Think negative

John & Susan Simpson
Mon 26 Apr 2021 17:31
We’ve been really impressed by the Government of Jersey's superbly organised Covid track and trace system.  Everything has been really well-organised and good-natured, from the PCR testing to the monitoring of our 10-day isolation.  We even had a personal visit from a volunteer who came to see us in the Marina, as well as a few phone calls to make sure we had everything we needed.  Once our visitor had established that we were following the isolation rules and didn’t need anything, we had a good chat about Jersey and its relationship with the other Channel Islands and France.  Guernsey, Alderney, Sark and Herm have formed a bubble that doesn’t include Jersey, whereas Normandy and Brittany would quite like to form a bubble with Jersey and not be counted as mainland France.  Even in a pandemic old tensions run deep!  As he left, our visitor bade us a cheery goodbye and said ‘not long now….remember to think negative!’  

Ten days passed amazingly quickly and it was a good opportunity to get used to living on Casamara.  She’s really well equipped and comfortable but the systems that support all the luxuries are not quite like living at home.  We do have a large fridge, a freezer, microwave, hot running water and (as Ian Lillington would like us to note) we even have heated towel rails!!  We can’t run everything at once though and we’re getting used to remembering to switch off the immersion heater if we want to use the electric kettle and toaster at the same time.  First world problems!!

Day 10 of isolation saw us cycling back to the Airport for our final PCR tests.  We were there early for our 9.45 am appointment, so keen were we to complete this final step.  Fortunately, the results came back in less than 12 hours - and HOORAY they were negative - so we were able to go ashore for our first foray into the night life of St Helier.  It being a cool and windy Thursday evening, and with an absence of tourists, all was very quiet but we enjoyed that feeling of rejoining mainstream life.  It felt odd to be amongst people again.

Since our ‘coming out’ we’ve used the time in a combination of continued boat jobs and exploring.  John has been working on the satellite communication system, installing new cabling, which has meant spending an inordinate amount of time squeezing himself into small spaces.

Or being winched aloft in harness.

We’ve also discovered the wonders of the ‘E-bike’ and have registered to borrow these trusty steeds from the various bike racks around the island.  They look a bit ungainly and they’re super heavy to manoeuvre when stationery, but the acceleration as soon as you start to pedal is incredible and going up hill is almost pleasurable.  I say almost because they do still require a bit of oomph on steep hills and there are plenty of those around the island, as we have discovered.

We absolutely love the island.  The beaches and countryside are so beautiful, and the clear blue skies and sunshine make the most of the colours.  We cycle round exclaiming over one view after another and gawping at the more opulent houses.  There are some stunning properties here, both modern and traditional, but the prices are also eye-watering.
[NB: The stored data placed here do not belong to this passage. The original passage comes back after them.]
(* Let $F(d)=1/d^2$ and let $(x_n)_{n\in\mathbb Z}$ be a uniformly discrete equilibrium configuration for $F$ having a periodic tail, i.e. there exist $N\in\mathbb Z$, an integer $k\ge1$ and a real $t>0$ such that $x_{n+k}=x_n+t$ for all $n\ge N$ (or for all $n\le N$). Then the configuration is trivial, i.e. $x_{n+1}-x_n$ is constant.
   Context: A configuration is a strictly increasing bi-infinite sequence $(x_n)_{n\in\mathbb Z}$ of reals; it is uniformly discrete if there are constants $0<c\le C<\infty$ with $c\le x_n-x_{n-1}\le C$ for all $n$. The particle at $x_n$ is in equilibrium if $\sum_{m<n}F(x_n-x_m)$ and $\sum_{m>n}F(x_m-x_n)$ are both finite and equal; an equilibrium configuration is one in which every particle is in equilibrium. It is trivial if it is an arithmetic progression. *)

theory Defs
  imports "HOL-Analysis.Analysis"
begin

definition configuration :: "(int \<Rightarrow> real) \<Rightarrow> bool" where
  "configuration x \<longleftrightarrow> strict_mono x"

definition uniformly_discrete :: "(int \<Rightarrow> real) \<Rightarrow> bool" where
  "uniformly_discrete x \<longleftrightarrow>
     (\<exists>c C. 0 < c \<and> c \<le> C \<and> (\<forall>n. c \<le> x n - x (n - 1) \<and> x n - x (n - 1) \<le> C))"

definition in_equilibrium :: "(real \<Rightarrow> real) \<Rightarrow> (int \<Rightarrow> real) \<Rightarrow> int \<Rightarrow> bool" where
  "in_equilibrium F x n \<longleftrightarrow>
     (\<lambda>m. F (x n - x m)) summable_on {m. m < n} \<and>
     (\<lambda>m. F (x m - x n)) summable_on {m. m > n} \<and>
     (\<Sum>\<^sub>\<infinity>m\<in>{m. m < n}. F (x n - x m)) = (\<Sum>\<^sub>\<infinity>m\<in>{m. m > n}. F (x m - x n))"

definition equilibrium_configuration :: "(real \<Rightarrow> real) \<Rightarrow> (int \<Rightarrow> real) \<Rightarrow> bool" where
  "equilibrium_configuration F x \<longleftrightarrow> configuration x \<and> (\<forall>n. in_equilibrium F x n)"

definition trivial_configuration :: "(int \<Rightarrow> real) \<Rightarrow> bool" where
  "trivial_configuration x \<longleftrightarrow> (\<exists>d. \<forall>n. x (n + 1) - x n = d)"

end

theory Submission
  imports Defs
begin

text \<open>
  Subtracting the equilibrium equation of particle n+1 from that of particle n, with every
  index shifted by one, shows that the spacings g n = x (n+1) - x n satisfy
  \<open>\<Sum>m. w n m (g m - g n) = 0\<close> for symmetric positive weights w n m of order \<open>|m - n|^(-3)\<close>:
  g is a bounded harmonic function of a long-range random walk. Such functions are constant.
  A Caccioppoli inequality with a tent cutoff of width L bounds the Dirichlet energy of g by
  the energy of the cutoff, which is O(K/L + 1/K) after splitting the kernel at distance K;
  with L = K^2 this tends to 0.
\<close>

section \<open>A discrete Caccioppoli inequality\<close>

lemma cutoff_product_lower_bound:
  fixes a b u v G :: real
  assumes "\<bar>a\<bar> \<le> G" "\<bar>b\<bar> \<le> G"
  shows "(b - a) * (v^2 * b - u^2 * a) \<ge> ((u^2 + v^2) / 2) * (b - a)^2 / 2 - 2 * G^2 * (v - u)^2"
proof -
  define p where "p = \<bar>v + u\<bar> * \<bar>b - a\<bar>"
  define q where "q = G * \<bar>v - u\<bar>"
  have split: "(b - a) * (v^2 * b - u^2 * a)
      = ((u^2 + v^2) / 2) * (b - a)^2 + ((a + b) / 2) * ((v + u) * (v - u)) * (b - a)"
    by (simp add: field_simps power2_eq_square)
  have "\<bar>((a + b) / 2) * ((v + u) * (v - u)) * (b - a)\<bar> = \<bar>(a + b) / 2\<bar> * (p * \<bar>v - u\<bar>)"
    by (simp add: p_def abs_mult)
  also have "\<dots> \<le> G * (p * \<bar>v - u\<bar>)"
    using assms by (intro mult_right_mono) (auto simp: p_def)
  also have "\<dots> = p * q" by (simp add: q_def)
  also have "p * q \<le> p^2 / 8 + 2 * q^2"
    using zero_le_power2[of "p - 4 * q"] by (simp add: power2_eq_square algebra_simps)
  also have "p^2 \<le> 2 * (u^2 + v^2) * (b - a)^2"
  proof -
    have "(v + u)^2 \<le> 2 * (u^2 + v^2)"
      using zero_le_power2[of "u - v"] by (simp add: power2_eq_square algebra_simps)
    then show ?thesis
      unfolding p_def by (simp add: power_mult_distrib mult_right_mono)
  qed
  finally have "\<bar>((a + b) / 2) * ((v + u) * (v - u)) * (b - a)\<bar>
      \<le> ((u^2 + v^2) / 2) * (b - a)^2 / 2 + 2 * G^2 * (v - u)^2"
    by (simp add: q_def power_mult_distrib field_simps)
  then show ?thesis
    unfolding split by linarith
qed

lemma discrete_caccioppoli:
  fixes w :: "int \<Rightarrow> int \<Rightarrow> real" and g \<eta> :: "int \<Rightarrow> real" and P :: "int set"
  assumes "finite P" and w_sym: "\<And>n m. w n m = w m n" and w_nonneg: "\<And>n m. 0 \<le> w n m"
    and g_bound: "\<And>n. \<bar>g n\<bar> \<le> G"
  shows "(\<Sum>n\<in>P. \<Sum>m\<in>P. w n m * ((\<eta> n^2 + \<eta> m^2) / 2) * (g m - g n)^2)
    \<le> -4 * (\<Sum>n\<in>P. \<eta> n^2 * g n * (\<Sum>m\<in>P. w n m * (g m - g n)))
       + 4 * G^2 * (\<Sum>n\<in>P. \<Sum>m\<in>P. w n m * (\<eta> m - \<eta> n)^2)"
proof -
  define \<phi> where "\<phi> n = \<eta> n^2 * g n" for n
  define A where "A = (\<Sum>n\<in>P. \<Sum>m\<in>P. w n m * (g m - g n) * \<phi> n)"
  define S where "S = (\<Sum>n\<in>P. \<Sum>m\<in>P. w n m * (g m - g n) * (\<phi> m - \<phi> n))"
  \<comment> \<open>summation by parts: the symmetry of w turns the pairing with \<open>\<phi> m - \<phi> n\<close> into \<open>-2 A\<close>\<close>
  have "(\<Sum>n\<in>P. \<Sum>m\<in>P. w n m * (g m - g n) * \<phi> m) = (\<Sum>m\<in>P. \<Sum>n\<in>P. w n m * (g m - g n) * \<phi> m)"
    by (rule sum.swap)
  also have "\<dots> = (\<Sum>m\<in>P. \<Sum>n\<in>P. - (w m n * (g n - g m) * \<phi> m))"
    by (intro sum.cong refl, subst w_sym) (simp add: algebra_simps)
  also have "\<dots> = - A" by (simp add: A_def sum_negf)
  finally have S_eq: "S = -2 * A"
    by (simp add: S_def A_def right_diff_distrib sum_subtractf)
  have A_eq: "A = (\<Sum>n\<in>P. \<eta> n^2 * g n * (\<Sum>m\<in>P. w n m * (g m - g n)))"
    by (simp add: A_def \<phi>_def sum_distrib_left mult_ac)
  have "w n m * (((\<eta> n^2 + \<eta> m^2) / 2) * (g m - g n)^2 / 2 - 2 * G^2 * (\<eta> m - \<eta> n)^2)
      \<le> w n m * (g m - g n) * (\<phi> m - \<phi> n)" for n m
    using mult_left_mono[OF cutoff_product_lower_bound[OF g_bound g_bound] w_nonneg]
    by (simp add: \<phi>_def mult_ac)
  then have "(\<Sum>n\<in>P. \<Sum>m\<in>P. w n m * (((\<eta> n^2 + \<eta> m^2) / 2) * (g m - g n)^2 / 2
      - 2 * G^2 * (\<eta> m - \<eta> n)^2)) \<le> S"
    unfolding S_def by (intro sum_mono)
  moreover have "(\<Sum>n\<in>P. \<Sum>m\<in>P. w n m * (((\<eta> n^2 + \<eta> m^2) / 2) * (g m - g n)^2 / 2
      - 2 * G^2 * (\<eta> m - \<eta> n)^2))
     = (\<Sum>n\<in>P. \<Sum>m\<in>P. w n m * ((\<eta> n^2 + \<eta> m^2) / 2) * (g m - g n)^2) / 2
       - 2 * G^2 * (\<Sum>n\<in>P. \<Sum>m\<in>P. w n m * (\<eta> m - \<eta> n)^2)"
    by (simp add: right_diff_distrib sum_subtractf sum_divide_distrib sum_distrib_left mult_ac)
  ultimately show ?thesis
    using S_eq A_eq by linarith
qed

section \<open>Energy of a tent function\<close>

definition tent :: "int \<Rightarrow> nat \<Rightarrow> int \<Rightarrow> real" where
  "tent a L n = max 0 (1 - real_of_int \<bar>n - a\<bar> / L)"

lemma tent_center [simp]: "tent a L a = 1"
  by (simp add: tent_def)

lemma tent_nonneg: "0 \<le> tent a L n"
  by (simp add: tent_def)

lemma tent_le_one: "tent a L n \<le> 1"
  by (simp add: tent_def)

lemma tent_eq_0:
  assumes "L \<ge> 1" "int L \<le> \<bar>n - a\<bar>"
  shows "tent a L n = 0"
  using assms by (simp add: tent_def field_simps)

lemma tent_lipschitz:
  assumes "L \<ge> 1"
  shows "\<bar>tent a L m - tent a L n\<bar> \<le> real_of_int \<bar>m - n\<bar> / L"
proof -
  have "(1 - real_of_int \<bar>m - a\<bar> / L) - (1 - real_of_int \<bar>n - a\<bar> / L)
      = (real_of_int \<bar>n - a\<bar> - real_of_int \<bar>m - a\<bar>) / L"
    using assms by (simp add: field_simps)
  also have "\<bar>\<dots>\<bar> \<le> real_of_int \<bar>m - n\<bar> / L"
    unfolding abs_divide abs_of_nat using assms by (intro divide_right_mono) auto
  finally have "\<bar>(1 - real_of_int \<bar>m - a\<bar> / L) - (1 - real_of_int \<bar>n - a\<bar> / L)\<bar> \<le> real_of_int \<bar>m - n\<bar> / L" .
  moreover have "\<bar>max 0 s - max 0 r\<bar> \<le> \<bar>s - r\<bar>" for s r :: real
    by (auto simp: max_def)
  ultimately show ?thesis
    unfolding tent_def by (rule order_trans[rotated])
qed

lemma sq_div_cube_le:
  fixes d r :: real and L :: nat
  assumes L: "L \<ge> 1" and r: "r \<ge> 1" and d_lip: "\<bar>d\<bar> \<le> r / L" and d_one: "\<bar>d\<bar> \<le> 1"
  shows "d^2 / r ^ 3 \<le> 1 / real L ^ 2"
    and "r \<ge> 2 \<Longrightarrow> d^2 / r ^ 3 \<le> 1 / (real L * r * (r - 1))"
proof -
  have "\<bar>d\<bar>^2 \<le> (r / L)^2" "\<bar>d\<bar>^2 \<le> 1^2"
    using d_lip d_one by (intro power_mono; simp)+
  then have "d^2 / r ^ 3 \<le> (r / L)^2 / r ^ 3" and far: "d^2 / r ^ 3 \<le> 1 / r ^ 3"
    using r by (simp_all add: divide_right_mono)
  moreover have "(r / L)^2 / r ^ 3 = 1 / (real L * (real L * r))"
    using L r by (simp add: field_simps power2_eq_square power3_eq_cube)
  ultimately have near: "d^2 / r ^ 3 \<le> 1 / (real L * (real L * r))"
    by simp
  show "d^2 / r ^ 3 \<le> 1 / real L ^ 2"
  proof (cases "r \<le> L")
    case True
    have "1 / (real L * (real L * r)) \<le> 1 / real L ^ 2"
      using L r by (intro frac_le) (simp_all add: power2_eq_square)
    with near show ?thesis
      by linarith
  next
    case False
    have "real L ^ 2 \<le> r ^ 2" "r ^ 2 \<le> r ^ 3"
      using False L r by (simp_all add: power_mono power_increasing)
    then have "1 / r ^ 3 \<le> 1 / real L ^ 2"
      using L by (intro frac_le) simp_all
    with far show ?thesis
      by linarith
  qed
  assume r2: "r \<ge> 2"
  have pos: "0 < real L * r * (r - 1)"
    using L r2 by simp
  show "d^2 / r ^ 3 \<le> 1 / (real L * r * (r - 1))"
  proof (cases "r \<le> L")
    case True
    have "real L * r * (r - 1) \<le> real L * (real L * r)"
      using True r by (simp add: mult_left_mono)
    then have "1 / (real L * (real L * r)) \<le> 1 / (real L * r * (r - 1))"
      using pos by (intro frac_le) simp_all
    with near show ?thesis
      by linarith
  next
    case False
    have "real L * (r - 1) \<le> r * r"
      using False r by (intro mult_mono) auto
    from mult_left_mono[OF this, of r] have "real L * r * (r - 1) \<le> r ^ 3"
      using r by (simp add: power3_eq_cube mult_ac)
    then have "1 / r ^ 3 \<le> 1 / (real L * r * (r - 1))"
      using pos by (intro frac_le) simp_all
    with far show ?thesis
      by linarith
  qed
qed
It’s a good job we brought our own home with us! 

Our first cycle route was around the West of the island towards St Aubin, St Brelade and La Corbiere.
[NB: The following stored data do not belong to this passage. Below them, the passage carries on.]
lemma is_solution_interior:
  assumes sol: "is_solution k \<beta> h T \<phi> u" and r: "r \<in> {0<..<T}"
  shows "in_l2h (u r)"
    and "((\<lambda>s. u s j) has_real_derivative - Fop k \<beta> h (u r) j) (at r)"
    and "((\<lambda>s. infsum (\<lambda>j. (u s j - u r j)\<^sup>2) UNIV) \<longlongrightarrow> 0) (at r)"
proof -
  have r': "r \<in> {0..<T}" using r by simp
  have at: "at r within {0..<T} = at r" using r by (intro at_within_interior) simp
  from sol r' have "in_l2h (u r)"
    and "((\<lambda>s. u s j) has_real_derivative - Fop k \<beta> h (u r) j) (at r within {0..<T})"
    and "((\<lambda>s. infsum (\<lambda>j. (u s j - u r j)\<^sup>2) UNIV) \<longlongrightarrow> 0) (at r within {0..<T})"
    unfolding is_solution_def by auto
  then show "in_l2h (u r)"
    and "((\<lambda>s. u s j) has_real_derivative - Fop k \<beta> h (u r) j) (at r)"
    and "((\<lambda>s. infsum (\<lambda>j. (u s j - u r j)\<^sup>2) UNIV) \<longlongrightarrow> 0) (at r)"
    unfolding at by simp_all
qed

lemma is_solution_Fop_locally_bounded:
  assumes sol: "is_solution k \<beta> h T \<phi> u" and h: "h > 0" and t: "t \<in> {0<..<T}"
  obtains \<delta> B where "\<delta> > 0" "{t - \<delta><..<t + \<delta>} \<subseteq> {0<..<T}"
    "\<And>r. r \<in> {t - \<delta><..<t + \<delta>} \<Longrightarrow> infsum (\<lambda>j. (Fop k \<beta> h (u r) j)\<^sup>2) UNIV \<le> B"
proof -
  have "\<forall>\<^sub>F s in at t. dist (infsum (\<lambda>j. (u s j - u t j)\<^sup>2) UNIV) 0 < 1"
    by (rule tendstoD[OF is_solution_interior(3)[OF sol t]]) simp
  then obtain d where d: "d > 0"
    and close: "\<And>s. s \<noteq> t \<Longrightarrow> \<bar>s - t\<bar> < d \<Longrightarrow> \<bar>infsum (\<lambda>j. (u s j - u t j)\<^sup>2) UNIV\<bar> < 1"
    unfolding eventually_at dist_real_def by auto
  define \<delta> where "\<delta> = min d (min t (T - t))"
  define K where "K = 2 + 2 * infsum (\<lambda>j. (u t j)\<^sup>2) UNIV"
  define M where "M = sqrt K"
  have \<delta>: "\<delta> > 0" and sub: "{t - \<delta><..<t + \<delta>} \<subseteq> {0<..<T}"
    using d t unfolding \<delta>_def by auto
  have ut: "in_l2h (u t)" by (rule is_solution_interior(1)[OF sol t])
  have norm_le: "infsum (\<lambda>j. (u r j)\<^sup>2) UNIV \<le> K" if r: "r \<in> {t - \<delta><..<t + \<delta>}" for r
  proof (cases "r = t")
    case True
    then show ?thesis unfolding K_def using infsum_sq_nonneg[of "u t" UNIV] by simp
  next
    case False
    have ur: "in_l2h (u r)" using is_solution_interior(1)[OF sol] r sub by auto
    have "infsum (\<lambda>j. ((u r j - u t j) + u t j)\<^sup>2) UNIV
        \<le> 2 * infsum (\<lambda>j. (u r j - u t j)\<^sup>2) UNIV + 2 * infsum (\<lambda>j. (u t j)\<^sup>2) UNIV"
      by (intro infsum_sq_add_le in_l2h_diff ur ut)
    moreover have "infsum (\<lambda>j. (u r j - u t j)\<^sup>2) UNIV < 1"
    proof -
      have "\<delta> \<le> d" unfolding \<delta>_def by simp
      then have "\<bar>r - t\<bar> < d" using r by (auto simp: abs_less_iff)
      then show ?thesis using close[OF False] by (simp add: abs_less_iff)
    qed
    ultimately show ?thesis unfolding K_def by simp
  qed
  have B: "infsum (\<lambda>j. (Fop k \<beta> h (u r) j)\<^sup>2) UNIV \<le> 25 * (6 / h ^ 3 + \<bar>\<beta>\<bar> * M ^ k / h)\<^sup>2 * K"
    if r: "r \<in> {t - \<delta><..<t + \<delta>}" for r
  proof -
    have ur: "in_l2h (u r)" using is_solution_interior(1)[OF sol] r sub by auto
    have "\<bar>u r i\<bar> \<le> M" for i
      unfolding M_def using order_trans[OF sq_le_infsum[OF ur] norm_le[OF r]]
      by (metis real_sqrt_abs real_sqrt_le_mono)
    then show ?thesis
      using infsum_Fop_sq_le[OF ur _ h] norm_le[OF r]
      by (meson mult_left_mono order_trans zero_le_mult_iff zero_le_numeral zero_le_power2)
  qed
  show thesis using that[OF \<delta> sub B] .
qed
(* Let $n\ge2$, $s\ge n$ integers, $\Omega>0$, and $y_1,\dots,y_n\in\big[-\frac{(n-1)\pi}{2\Omega},\frac{(n-1)\pi}{2\Omega}\big]$ pairwise distinct; let $a_1,\dots,a_n\in\mathbb C$ with $\min_j|a_j|=m_{\min}>0$. Let $A=\mathrm{diag}(e^{-iy_1\Omega}a_1,\dots,e^{-iy_n\Omega}a_n)$ and $D=(\phi_s(e^{iy_1\Omega/s}),\dots,\phi_s(e^{iy_n\Omega/s}))\in\mathbb C^{(s+1)\times n}$. Let $\sigma_1\ge\dots\ge\sigma_n$ be the $n$ largest singular values of $DAD^T$ (the remaining ones being $0$). Then $$\sigma_n\ge\frac{m_{\min}\,\zeta(n)^2\,\theta_{\min}(\Omega,s)^{2n-2}}{n\,\pi^{2n-2}},\qquad\theta_{\min}(\Omega,s)=\frac{\Omega}{s}\min_{p\ne j}|y_p-y_j|.$$
   Context: $\phi_s(z)=(1,z,\dots,z^s)^T$; $D^T$ is the (non-conjugate) transpose. For an integer $k\ge1$: $\zeta(k)=\big((\tfrac{k-1}{2})!\big)^2$ if $k$ is odd, $\zeta(k)=(\tfrac{k}{2})!(\tfrac{k-2}{2})!$ if $k$ is even. *)

theory Defs
  imports "Jordan_Normal_Form.Schur_Decomposition" "HOL-Library.Multiset"
begin

definition zeta :: "nat \<Rightarrow> real" where
  "zeta k = (if odd k then (fact ((k - 1) div 2))^2
             else fact (k div 2) * fact ((k - 2) div 2))"

definition singular_values :: "complex mat \<Rightarrow> real list" where
  "singular_values M = rev (sorted_list_of_multiset
     (image_mset (\<lambda>z. sqrt (Re z)) (proots (char_poly (mat_adjoint M * M)))))"

(* k-th largest singular value, 1-based *)
definition sigma :: "nat \<Rightarrow> complex mat \<Rightarrow> real" where
  "sigma k M = singular_values M ! (k - 1)"

(* phi_s(z) = (1, z, ..., z^s)^T as columns: D = (phi_s(e^{i y_1 Omega/s}),...,phi_s(e^{i y_n Omega/s})) *)
definition Dmat :: "nat \<Rightarrow> nat \<Rightarrow> real \<Rightarrow> (nat \<Rightarrow> real) \<Rightarrow> complex mat" where
  "Dmat s n \<Omega> y = mat (s + 1) n (\<lambda>(k, j). (exp (\<i> * of_real (y j * \<Omega> / real s))) ^ k)"

definition Amat :: "nat \<Rightarrow> real \<Rightarrow> (nat \<Rightarrow> real) \<Rightarrow> (nat \<Rightarrow> complex) \<Rightarrow> complex mat" where
  "Amat n \<Omega> y a = mat n n (\<lambda>(i, j). if i = j then exp (- \<i> * of_real (y i * \<Omega>)) * a i else 0)"

end

theory Submission
  imports Defs "HOL-Analysis.Convex"
begin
Luckily there are cafes open!

Today’s route was around the East of the island towards Gorey and St Catherine.  Mont Orgueil Castle was very impressive as we approached and I couldn’t help noticing that Orgueil would have been a very handy word for the lifetime Scrabble tournament John and I have resumed after a couple of decades of inactivity.  Unfortunately we’ve mislaid the record of wins we’d kept from when we first started the tournament in our youth, but John is convinced it said he was ten games ahead.  I think not!